Digital Compact Cassette/MPEG 1:

Involved in specification, simulation, design and VHDL coding for parts of an MPEG audio CODEC (quantizer and scaler DSP), audio de-emphasis filter and IEC958 output blocks for the Philips Digital Compact Cassette (DCC) system using VHDL.

Performed discrete-time analog simulations using VHDL of IEC958 clock recovery PLL.

Wrote a VHDL testbench stimulus system based on use of Mentor SCL files.

Wrote a reference system simulation in C of signal processing path for DCC, which was used to validate VHDL designs for the device.

Crystal Oscillators Simulation:

Simulated crystal oscillator for use in a Teletext decoder IC.

ADC validation:

Worked on hardware and software to evaluate ADCs used in DCC player silicon

PC Audio:

Performed a study on the creation of a Soundblaster clone device.

1989-1990 Application Engineer: Philips Semiconductors PCAL, New Road, Mitcham.

CT2 Demonstrator:

Responsible for one other engineer: together we designed and built breadboard for a CT2 baseband chip. Worked on 900 MHz RF and IF circuits that interfaced to it.

DECT system study:

Began systems work on a DECT baseband chip, work became part of Philips DECT solution.

Transferred to Southampton to continue in the Systems Laboratories.

1984-1989: Research Scientist: Philips Research Laboratories, Cross Oak Lane, Salfords Surrey

1985-1989 Radio Systems Group: Research scientist/project leader:

TACS Analogue Cellular Radio:

Responsible for one other engineer : researched and implemented efficient (class E and F) RF power amplifiers for TACS Cellular Radio. Compared these with existing production modules.

VHF Private Mobile Radio:

Responsible for one other engineer: Researched and implemented auto antenna tuners for portable VHF PMR handheld transceivers.

GSM Channel modelling :

Project leader of small project near end: simulated Rayleigh and Rician fading models of a Radio channel in Pascal, and TMS 320C10 DSP assembler for real time emulation.

SSB Generator:

Presented research paper at ISCAS 1988 in Helsinki on a low complexity phasing method digital SSB generator derived from channel modelling filters. A patent was later granted (later lapsed).

CRC checker ASIC :

Designed and implemented CRC checker on test chip ASIC.

1984-1985: Telephone Techniques Group: Research Scientist:

Video & Data LAN :

Worked on control software and hardware, using LSTTL and simple twisted pair or coaxial cabling.

Designed and implemented analog equalisers to drive coaxial cable.

Created user interface software written in C running on Z80.

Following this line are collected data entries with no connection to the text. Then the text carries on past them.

lemma coproduct_inflation:
  assumes B: "B \<in> Ob C" and X: "X \<in> Ob C"
  obtains Q t e where "t \<in> hom C B Q" "inflation C E t" "e \<in> hom C X Q"
    "\<And>Y h g. h \<in> hom C B Y \<Longrightarrow> g \<in> hom C X Y \<Longrightarrow> \<exists>u\<in>hom C Q Y. Cmp C u t = h \<and> Cmp C u e = g"
proof -
  have pa: "preadditive C" and cat: "category C"
    by (rule exact_category_preadditive, rule exact_category_category)
  obtain K m where m: "m \<in> hom C K X" "inflation C E m"
    and K0: "\<And>Y h. h \<in> hom C K Y \<Longrightarrow> h = Zero C K Y"
    using inflation_from_zero_object[OF X] by metis
  have z: "Zero C K B \<in> hom C K B"
    using Zero_in_hom[OF pa _ B] hom_Ob[OF cat m(1)] by blast
  obtain t e where po: "is_pushout C m (Zero C K B) t e" and infl: "inflation C E t"
    using inflation_pushout_exists[OF m(2,1) z] by blast
  define Q where "Q = Cod C e"
  have t: "t \<in> hom C B Q" and e: "e \<in> hom C X Q"
    using is_pushout_hom[OF po m(1) z] unfolding Q_def by simp_all
  show thesis
  proof (rule that[OF t infl e])
    fix Y h g assume h: "h \<in> hom C B Y" and g: "g \<in> hom C X Y"
    have "Cmp C g m = Cmp C h (Zero C K B)"
      using K0[OF Cmp_in_hom[OF cat m(1) g]] K0[OF Cmp_in_hom[OF cat z h]] by simp
    moreover have "Cod C m = X" "Cod C (Zero C K B) = B"
      using m(1) z unfolding hom_def by simp_all
    ultimately show "\<exists>u\<in>hom C Q Y. Cmp C u t = h \<and> Cmp C u e = g"
      using is_pushout_factor[OF po, of g Y h] g h unfolding Q_def by auto
  qed
qed

lemma inflation_preenvelope_inter:
  assumes J1: "ideal C J1" and J2: "ideal C J2"
    and j1: "is_preenvelope C J1 B j1" "inflation C E j1"
    and j2: "is_preenvelope C J2 B j2" "inflation C E j2"
  shows "\<exists>j. is_preenvelope C (J1 \<inter> J2) B j \<and> inflation C E j"
proof -
  have cat: "category C" by (rule exact_category_category)
  have j1h: "j1 \<in> hom C B (Cod C j1)" and j2h: "j2 \<in> hom C B (Cod C j2)"
    by (rule is_preenvelope_hom[OF J1 j1(1)], rule is_preenvelope_hom[OF J2 j2(1)])
  obtain m' f' where po: "is_pushout C j1 j2 m' f'" and "inflation C E m'"
    using inflation_pushout_exists[OF j1(2) j1h j2h] by blast
  note po_hom = is_pushout_hom[OF po j1h j2h]
  define j where "j = Cmp C m' j2"
  have "inflation C E j"
    using inflation_Cmp[OF j2(2) \<open>inflation C E m'\<close>] po_hom(1) unfolding j_def hom_def by simp
  moreover have "j \<in> J1"
    using ideal_Cmp_left[OF J1 _ j1h po_hom(2)] j1(1) po_hom(3) unfolding j_def is_preenvelope_def by simp
  moreover have "j \<in> J2"
    using ideal_Cmp_left[OF J2 _ j2h po_hom(1)] j2(1) unfolding j_def is_preenvelope_def by simp
  moreover have jh: "j \<in> hom C B (Cod C f')"
    using Cmp_in_hom[OF cat j2h po_hom(1)] unfolding j_def .
  moreover have "\<exists>u\<in>hom C (Cod C j) (Cod C f). Cmp C u j = f"
    if f: "f \<in> J1 \<inter> J2" "Dom C f = B" for f
  proof -
    obtain g1 where g1: "g1 \<in> hom C (Cod C j1) (Cod C f)" "Cmp C g1 j1 = f"
      using j1(1) f unfolding is_preenvelope_def by blast
    obtain g2 where g2: "g2 \<in> hom C (Cod C j2) (Cod C f)" "Cmp C g2 j2 = f"
      using j2(1) f unfolding is_preenvelope_def by blast
    obtain u where u: "u \<in> hom C (Cod C f') (Cod C f)" "Cmp C u m' = g2"
      using is_pushout_factor[OF po g1(1) g2(1)] g1(2) g2(2) by auto
    have "Cmp C u j = f"
      using Cmp_assoc[OF cat j2h po_hom(1) u(1)] u(2) g2(2) unfolding j_def by simp
    then show ?thesis using u(1) jh unfolding hom_def by auto
  qed
  ultimately show ?thesis unfolding is_preenvelope_def hom_def by auto
qed

lemma inflation_preenvelope_sum:
  assumes J1: "ideal C J1" and J2: "ideal C J2"
    and j1: "is_preenvelope C J1 B j1" "inflation C E j1"
    and j2: "is_preenvelope C J2 B j2"
  shows "\<exists>j. is_preenvelope C (ideal_sum C J1 J2) B j \<and> inflation C E j"
proof -
  have pa: "preadditive C" and cat: "category C"
    by (rule exact_category_preadditive, rule exact_category_category)
  define X1 X2 where "X1 = Cod C j1" and "X2 = Cod C j2"
  have j1h: "j1 \<in> hom C B X1" and j2h: "j2 \<in> hom C B X2" unfolding X1_def X2_def
    by (rule is_preenvelope_hom[OF J1 j1(1)], rule is_preenvelope_hom[OF J2 j2(1)])
  obtain Q t e where t: "t \<in> hom C B Q" "inflation C E t" and e: "e \<in> hom C X2 Q"
    and copr: "\<And>Y h g. h \<in> hom C B Y \<Longrightarrow> g \<in> hom C X2 Y
                 \<Longrightarrow> \<exists>u\<in>hom C Q Y. Cmp C u t = h \<and> Cmp C u e = g"
    using coproduct_inflation hom_Ob[OF cat j2h] by metis
  have ej2: "Cmp C e j2 \<in> hom C B Q" using Cmp_in_hom[OF cat j2h e] .
  obtain s where s: "s \<in> hom C B Q" "Add C s (Cmp C e j2) = t"
    using Add_right_solvable[OF pa t(1) ej2] by blast
  obtain m' f' where po: "is_pushout C j1 s m' f'" and "inflation C E m'"
    using inflation_pushout_exists[OF j1(2) j1h s(1)] by blast
  define P where "P = Cod C f'"
  have m': "m' \<in> hom C Q P" and f': "f' \<in> hom C X1 P" and sq: "Cmp C f' j1 = Cmp C m' s"
    using is_pushout_hom[OF po j1h s(1)] unfolding P_def by simp_all
  define j where "j = Cmp C m' t"
  have jh: "j \<in> hom C B P" using Cmp_in_hom[OF cat t(1) m'] unfolding j_def .
  have "inflation C E j"
    using inflation_Cmp[OF t(2) \<open>inflation C E m'\<close>] t(1) m' unfolding j_def hom_def by simp
  moreover have "j = Add C (Cmp C f' j1) (Cmp C (Cmp C m' e) j2)"
  proof -
    have "j = Add C (Cmp C m' s) (Cmp C m' (Cmp C e j2))"
      using Cmp_Add_right[OF pa s(1) ej2 m'] s(2) unfolding j_def by simp
    then show ?thesis using sq Cmp_assoc[OF cat j2h e m'] by simp
  qed
  then have "j \<in> ideal_sum C J1 J2"
    using ideal_sumI ideal_Cmp_left[OF J1 _ j1h f'] ideal_Cmp_left[OF J2 _ j2h Cmp_in_hom[OF cat e m']]
      Cmp_in_hom[OF cat j1h f'] Cmp_in_hom[OF cat j2h Cmp_in_hom[OF cat e m']] j1(1) j2(1)
    unfolding is_preenvelope_def by metis
  moreover have "\<exists>u\<in>hom C (Cod C j) (Cod C f). Cmp C u j = f"
    if f: "f \<in> ideal_sum C J1 J2" "Dom C f = B" for f
  proof -
    define Y where "Y = Cod C f"
    obtain f1 f2 where f1: "f1 \<in> J1" "f1 \<in> hom C B Y" and f2: "f2 \<in> J2" "f2 \<in> hom C B Y"
      and f12: "f = Add C f1 f2"
      using ideal_sumE[OF pa J1 J2 f(1)] f(2) unfolding Y_def by metis
    obtain g1 where g1: "g1 \<in> hom C X1 Y" "Cmp C g1 j1 = f1"
      using j1(1) f1 unfolding is_preenvelope_def X1_def hom_def by auto
    obtain g2 where g2: "g2 \<in> hom C X2 Y" "Cmp C g2 j2 = f2"
      using j2(1) f2 unfolding is_preenvelope_def X2_def hom_def by auto
    obtain h where h: "h \<in> hom C Q Y" "Cmp C h t = f" "Cmp C h e = g2"
      using copr[OF _ g2(1), of f] f12 Add_in_hom[OF pa f1(2) f2(2)] by auto
    have "Add C (Cmp C h s) f2 = Add C f1 f2"
      using Cmp_Add_right[OF pa s(1) ej2 h(1)] Cmp_assoc[OF cat j2h e h(1)] s(2) h(2,3) g2(2) f12
      by simp
    then have "Cmp C h s = f1"
      using Add_right_cancel[OF pa Cmp_in_hom[OF cat s(1) h(1)] f1(2) f2(2)] by blast
    then obtain u where u: "u \<in> hom C P Y" "Cmp C u m' = h"
      using is_pushout_factor[OF po, of g1 Y h] g1 h(1) j1h s(1) unfolding P_def X1_def hom_def
      by auto
    have "Cmp C u j = f"
      using Cmp_assoc[OF cat t(1) m' u(1)] u(2) h(2) unfolding j_def by simp
    then show ?thesis using u(1) jh unfolding Y_def hom_def by auto
  qed
  ultimately show ?thesis using jh unfolding is_preenvelope_def hom_def by auto
qed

Designed and built a terminal multiplexer to allow the use of a single serial port shared between up to eight users served one at a time.

Worked on a novel transmission scheme for video and data across the LAN for which a patent was granted.

Summer 1983: Laboratory technician Dept of Electronics, Southampton University

Digital IC tester development

Simulated IC tester in Pascal on ICL Perq workstation, and then wrote driver software in BCPL and built interface hardware to move an IC test prober head..

Industrial Training

Philips: Completed courses in C++/SystemC (Doulos), VHDL, C Programming (Philips), Altera QUARTUS/APEX (Esperan), Xilinx for ASIC designers (Arcobel/Xilinx), Project Planning, Marketing and Communication, Time Management, Managing Personal Relationships, Intercultural Awareness.